Saat ini, SPPG Bonto-Bontoa menyuplai program MBG ke empat sekolah di wilayah Kabupaten Gowa. Sekolah tersebut meliputi SMKN 3 Somba Opu, SMA Negeri 1 Gowa, TK Akhlakul Karima, dan TK Siman Petrus.
Total penerima manfaat MBG dari empat sekolah yang dilayani SPPG Bonto-Bontoa mencapai 3.122 orang.
Fadli menegaskan bahwa temuan ulat ini merupakan kejadian pertama sejak SPPG mulai beroperasi.
“Kami mulai operasional 24 November. Ini baru pertama kali ditemukan kejadian seperti ini,” jelasnya.
Jumlah penerima manfaat MBG di SMKN 3 Gowa sendiri mencapai ribuan siswa dan tenaga pendidik.

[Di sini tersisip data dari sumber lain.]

lemma convex_combination_measure:
  fixes m :: "nat \<Rightarrow> 'a::metric_space measure" and a :: "nat \<Rightarrow> real"
  assumes m: "\<And>j. j < s \<Longrightarrow> m j \<in> space (prob_algebra borel)" and a0: "\<And>j. j < s \<Longrightarrow> a j \<ge> 0"
    and a1: "(\<Sum>j<s. a j) = 1"
  shows "\<exists>\<mu>. borel_prob \<mu> \<and> (\<forall>A\<in>sets borel. emeasure \<mu> A = (\<Sum>j<s. ennreal (a j) * emeasure (m j) A))
     \<and> (\<forall>g B. g \<in> borel_measurable borel \<longrightarrow> (\<forall>x. \<bar>g x\<bar> \<le> B) \<longrightarrow>
          integral\<^sup>L \<mu> g = (\<Sum>j<s. a j * integral\<^sup>L (m j) g))"
proof -
  define w where "w j = (if j < s then a j else 0)" for j
  have w0: "0 \<le> w j" for j using a0 by (simp add: w_def)
  have "(\<integral>\<^sup>+j. ennreal (w j) \<partial>count_space UNIV) = (\<Sum>j. ennreal (w j))"
    by (rule nn_integral_count_space_nat)
  also have "\<dots> = (\<Sum>j<s. ennreal (w j))" by (rule suminf_finite) (auto simp: w_def)
  also have "\<dots> = ennreal (\<Sum>j<s. w j)" using w0 by (simp add: sum_ennreal)
  finally have w1: "(\<integral>\<^sup>+j. ennreal (w j) \<partial>count_space UNIV) = 1" using a1 by (simp add: w_def)
  define p where "p = embed_pmf w"
  have pmf: "pmf p j = w j" for j unfolding p_def by (rule pmf_embed_pmf[OF w0 w1])
  have set_p: "set_pmf p \<subseteq> {..<s}" by (auto simp: set_pmf_iff pmf w_def split: if_splits)
  have "s > 0" using a1 by (cases s) auto
  define m' where "m' j = m (if j < s then j else 0)" for j
  have m'_eq: "(\<Sum>j<s. F j (m' j)) = (\<Sum>j<s. F j (m j))" for F :: "nat \<Rightarrow> 'a measure \<Rightarrow> 'c::comm_monoid_add"
    by (intro sum.cong) (auto simp: m'_def)
  have mp: "m' \<in> measure_pmf p \<rightarrow>\<^sub>M prob_algebra borel" using m \<open>s > 0\<close> by (simp add: m'_def)
  have pp: "measure_pmf p \<in> space (prob_algebra (measure_pmf p))"
    by (simp add: space_prob_algebra measure_pmf.prob_space_axioms)
  define \<mu> where "\<mu> = measure_pmf p \<bind> m'"
  have "borel_prob \<mu>"
    unfolding borel_prob_def \<mu>_def using sets_bind'[OF pp mp] prob_space_bind'[OF pp mp] by simp
  moreover have "emeasure \<mu> A = (\<Sum>j<s. ennreal (a j) * emeasure (m j) A)" if "A \<in> sets borel" for A
  proof -
    have "emeasure \<mu> A = (\<Sum>j\<in>{..<s}. emeasure (m' j) A * pmf p j)"
      unfolding \<mu>_def emeasure_bind_prob_algebra[OF pp mp that]
      using set_p by (intro nn_integral_measure_pmf_support) auto
    then show ?thesis using m'_eq[of "\<lambda>j M. ennreal (a j) * emeasure M A"] by (simp add: pmf w_def mult.commute)
  qed
  moreover have "integral\<^sup>L \<mu> g = (\<Sum>j<s. a j * integral\<^sup>L (m j) g)"
    if g: "g \<in> borel_measurable borel" "\<forall>x. \<bar>g x\<bar> \<le> B" for g :: "'a \<Rightarrow> real" and B
  proof -
    have "integral\<^sup>L \<mu> g = (\<integral>j. integral\<^sup>L (m' j) g \<partial>measure_pmf p)"
      unfolding \<mu>_def using g measurable_space[OF mp] measurable_prob_algebraD[OF mp]
      by (intro integral_bind[where B'=1])
        (auto intro!: AE_I2 simp: space_prob_algebra prob_space.emeasure_space_1 measure_pmf.finite_measure_axioms)
    also have "\<dots> = (\<Sum>j\<in>{..<s}. pmf p j *\<^sub>R integral\<^sup>L (m' j) g)"
      using set_p by (intro integral_measure_pmf) auto
    finally show ?thesis using m'_eq[of "\<lambda>j M. a j * integral\<^sup>L M g"] by (simp add: pmf w_def)
  qed
  ultimately show ?thesis by blast
qed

“Penerima manfaat di SMK 3 Gowa untuk siswa ada 1.701 orang dan kalau ditotal sama guru 1.130 orang,” tutupnya.
- Kesimpulan
Temuan ulat hidup dalam menu Program Makan Bergizi Gratis (MBG) di SMKN 3 Gowa menjadi peringatan penting bagi seluruh pihak terkait untuk memperkuat pengawasan kualitas dan kebersihan makanan. Meski insiden tersebut merupakan kejadian pertama sejak program berjalan dan tidak menimbulkan gangguan kesehatan pada siswa, peristiwa ini menunjukkan bahwa celah dalam proses penyediaan makanan tetap bisa terjadi.

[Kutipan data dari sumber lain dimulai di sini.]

text \<open>The Leibniz rule is bilinear in \<open>f\<close> and \<open>g\<close>, so it suffices to check it on monomials.\<close>
lemma Hder_mult: "Hder j (f * g) = f * Hder j g + Hder j f * g"
proof (rule laurent_linear_eqI[where T = "\<lambda>g. Hder j (f * g)" and S = "\<lambda>g. f * Hder j g + Hder j f * g"])
  show "laurent_linear (\<lambda>g. Hder j (f * g))"
    by (rule laurent_linear_comp[OF laurent_linear_Hder laurent_linear_mult_left])
  show "laurent_linear (\<lambda>g. f * Hder j g + Hder j f * g)"
    by (rule laurent_linear_add[OF laurent_linear_comp[OF laurent_linear_mult_left laurent_linear_Hder]
          laurent_linear_mult_left])
  fix b
  show "Hder j (f * lmonom b) = f * Hder j (lmonom b) + Hder j f * lmonom b"
  proof (rule laurent_linear_eqI[where T = "\<lambda>f. Hder j (f * lmonom b)"
        and S = "\<lambda>f. f * Hder j (lmonom b) + Hder j f * lmonom b"])
    show "laurent_linear (\<lambda>f. Hder j (f * lmonom b))"
      by (rule laurent_linear_comp[OF laurent_linear_Hder laurent_linear_mult_right])
    show "laurent_linear (\<lambda>f. f * Hder j (lmonom b) + Hder j f * lmonom b)"
      by (rule laurent_linear_add[OF laurent_linear_mult_right
            laurent_linear_comp[OF laurent_linear_mult_right laurent_linear_Hder]])
    fix a
    have ab: "lmonom a * lmonom b = lmonom (a + b)" by (rule lmonom_mult)
    show "Hder j (lmonom a * lmonom b) = lmonom a * Hder j (lmonom b) + Hder j (lmonom a) * lmonom b"
      by (simp add: ab Hder_lmonom lookup_add lconst_add algebra_simps) (simp add: algebra_simps flip: ab)
  qed
qed

subsection \<open>Derivations and their coefficients\<close>

lemma derivation_linear: "is_derivation D \<Longrightarrow> laurent_linear D"
  unfolding is_derivation_def laurent_linear_def by blast

lemma derivation_add: "is_derivation D \<Longrightarrow> D (f + g) = D f + D g"
  unfolding is_derivation_def by blast

lemma derivation_lconst_mult: "is_derivation D \<Longrightarrow> D (lconst c * f) = lconst c * D f"
  unfolding is_derivation_def by blast

lemma derivation_mult: "is_derivation D \<Longrightarrow> D (f * g) = f * D g + D f * g"
  unfolding is_derivation_def by blast

lemma derivation_one: "is_derivation D \<Longrightarrow> D 1 = 0"
  using derivation_mult[of D 1 1] by simp

lemma derivation_lconst: "is_derivation D \<Longrightarrow> D (lconst c) = 0"
  using derivation_one[of D] derivation_linear[of D] unfolding laurent_linear_def
  by (metis mult.right_neutral mult_zero_right)

lemma Witt_iff: "D \<in> Witt \<longleftrightarrow> is_derivation D"
  by (simp add: Witt_def)

definition der_of_coeffs ::
  "('n::finite \<Rightarrow> ('n, 'k::field) laurent) \<Rightarrow> ('n, 'k) laurent \<Rightarrow> ('n, 'k) laurent" where
  "der_of_coeffs g = (\<lambda>f. \<Sum>j\<in>UNIV. g j * Hder j f)"

text \<open>The logarithmic derivative \<open>x\<^sup>-\<^sup>a D(x\<^sup>a)\<close>; its values at the unit vectors are the
  coefficients of \<open>D = \<Sum>\<^sub>j g\<^sub>j H\<^sub>j\<close>.\<close>
definition logder :: "(('n, 'k::field) laurent \<Rightarrow> ('n, 'k) laurent) \<Rightarrow> ('n \<Rightarrow>\<^sub>0 int) \<Rightarrow> ('n, 'k) laurent" where
  "logder D a = lmonom (- a) * D (lmonom a)"

definition der_coeff :: "(('n, 'k::field) laurent \<Rightarrow> ('n, 'k) laurent) \<Rightarrow> 'n \<Rightarrow> ('n, 'k) laurent" where
  "der_coeff D j = logder D (unit_exp j)"

lemma Witt_der_of_coeffs: "der_of_coeffs g \<in> Witt"
  unfolding Witt_iff is_derivation_def der_of_coeffs_def
proof (intro conjI allI)
  fix f h c
  show "(\<Sum>j\<in>UNIV. g j * Hder j (f + h)) = (\<Sum>j\<in>UNIV. g j * Hder j f) + (\<Sum>j\<in>UNIV. g j * Hder j h)"
    by (simp add: Hder_add distrib_left sum.distrib)
  show "(\<Sum>j\<in>UNIV. g j * Hder j (lconst c * f)) = lconst c * (\<Sum>j\<in>UNIV. g j * Hder j f)"
    by (simp only: Hder_lconst_mult sum_distrib_left mult.left_commute)
  show "(\<Sum>j\<in>UNIV. g j * Hder j (f * h)) = f * (\<Sum>j\<in>UNIV. g j * Hder j h) + (\<Sum>j\<in>UNIV. g j * Hder j f) * h"
    by (simp add: Hder_mult algebra_simps sum.distrib sum_distrib_left sum_distrib_right)
qed

lemma der_of_coeffs_lconst: "der_of_coeffs g (lconst c) = 0"
  by (simp add: der_of_coeffs_def Hder_lconst)

lemma der_of_coeffs_lmonom: "der_of_coeffs g (lmonom a) = (\<Sum>j\<in>UNIV. of_int (lookup a j) * g j) * lmonom a"
  by (simp add: der_of_coeffs_def Hder_lmonom lconst_of_int sum_distrib_right sum_distrib_left mult_ac)

lemma der_coeff_der_of_coeffs: "der_coeff (der_of_coeffs g) k = g k"
proof -
  have "(\<Sum>j\<in>UNIV. of_int (lookup (unit_exp k) j) * g j) = (\<Sum>j\<in>UNIV. if j = k then g k else 0)"
    by (rule sum.cong) (simp_all add: lookup_unit_exp)
  then have "der_of_coeffs g (lmonom (unit_exp k)) = g k * lmonom (unit_exp k)"
    by (simp add: der_of_coeffs_lmonom)
  then show ?thesis
    by (simp add: der_coeff_def logder_def lmonom_uminus_cancel)
qed

lemma logder_add:
  assumes "is_derivation D"
  shows "logder D (a + b) = logder D a + logder D b"
proof -
  have D: "D (lmonom (a + b)) = lmonom a * D (lmonom b) + D (lmonom a) * lmonom b"
    using derivation_mult[OF assms, of "lmonom a" "lmonom b"] by (simp add: lmonom_mult)
  have m: "lmonom (- (a + b)) = lmonom (- a) * lmonom (- b)"
    by (simp add: lmonom_mult)
  have "logder D (a + b) = (lmonom (- a) * lmonom (- b)) * (lmonom a * D (lmonom b) + D (lmonom a) * lmonom b)"
    unfolding logder_def D m by (rule refl)
  also have "\<dots> = (lmonom (- a) * lmonom a) * logder D b + (lmonom (- b) * lmonom b) * logder D a"
    by (simp add: logder_def algebra_simps)
  finally show ?thesis by (simp add: lmonom_uminus_mult)
qed

lemma logder_0: "is_derivation D \<Longrightarrow> logder D 0 = 0"
  by (simp add: logder_def derivation_one)

lemma logder_sum: "is_derivation D \<Longrightarrow> logder D (sum G S) = (\<Sum>x\<in>S. logder D (G x))"
  by (induction S rule: infinite_finite_induct) (simp_all add: logder_0 logder_add)

lemma logder_single:
  assumes "is_derivation D"
  shows "logder D (Poly_Mapping.single j k) = of_int k * der_coeff D j"
proof (induction k rule: int_induct[where k = 0])
  case base
  show ?case by (simp add: logder_0[OF assms])
next
  case (step1 i)
  then show ?case
    by (simp add: single_add logder_add[OF assms] der_coeff_def unit_exp_def distrib_right)
next
  case (step2 i)
  have "logder D (Poly_Mapping.single j i) = logder D (Poly_Mapping.single j (i - 1)) + der_coeff D j"
    using logder_add[OF assms, of "Poly_Mapping.single j (i - 1)" "unit_exp j"]
    by (simp add: der_coeff_def unit_exp_def flip: single_add)
  with step2 show ?case by (simp add: algebra_simps)
qed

Pihak sekolah dan Satuan Pelayanan Pemenuhan Gizi (SPPG) telah merespons cepat dengan melakukan pelaporan, evaluasi, serta komitmen memperketat seluruh tahapan, mulai dari pemilihan bahan baku hingga distribusi makanan. Langkah ini diharapkan mampu menjaga kepercayaan siswa dan orang tua, sekaligus memastikan tujuan utama program MBG—menyediakan makanan sehat, aman, dan bergizi bagi ribuan penerima manfaat—dapat terus terlaksana secara optimal.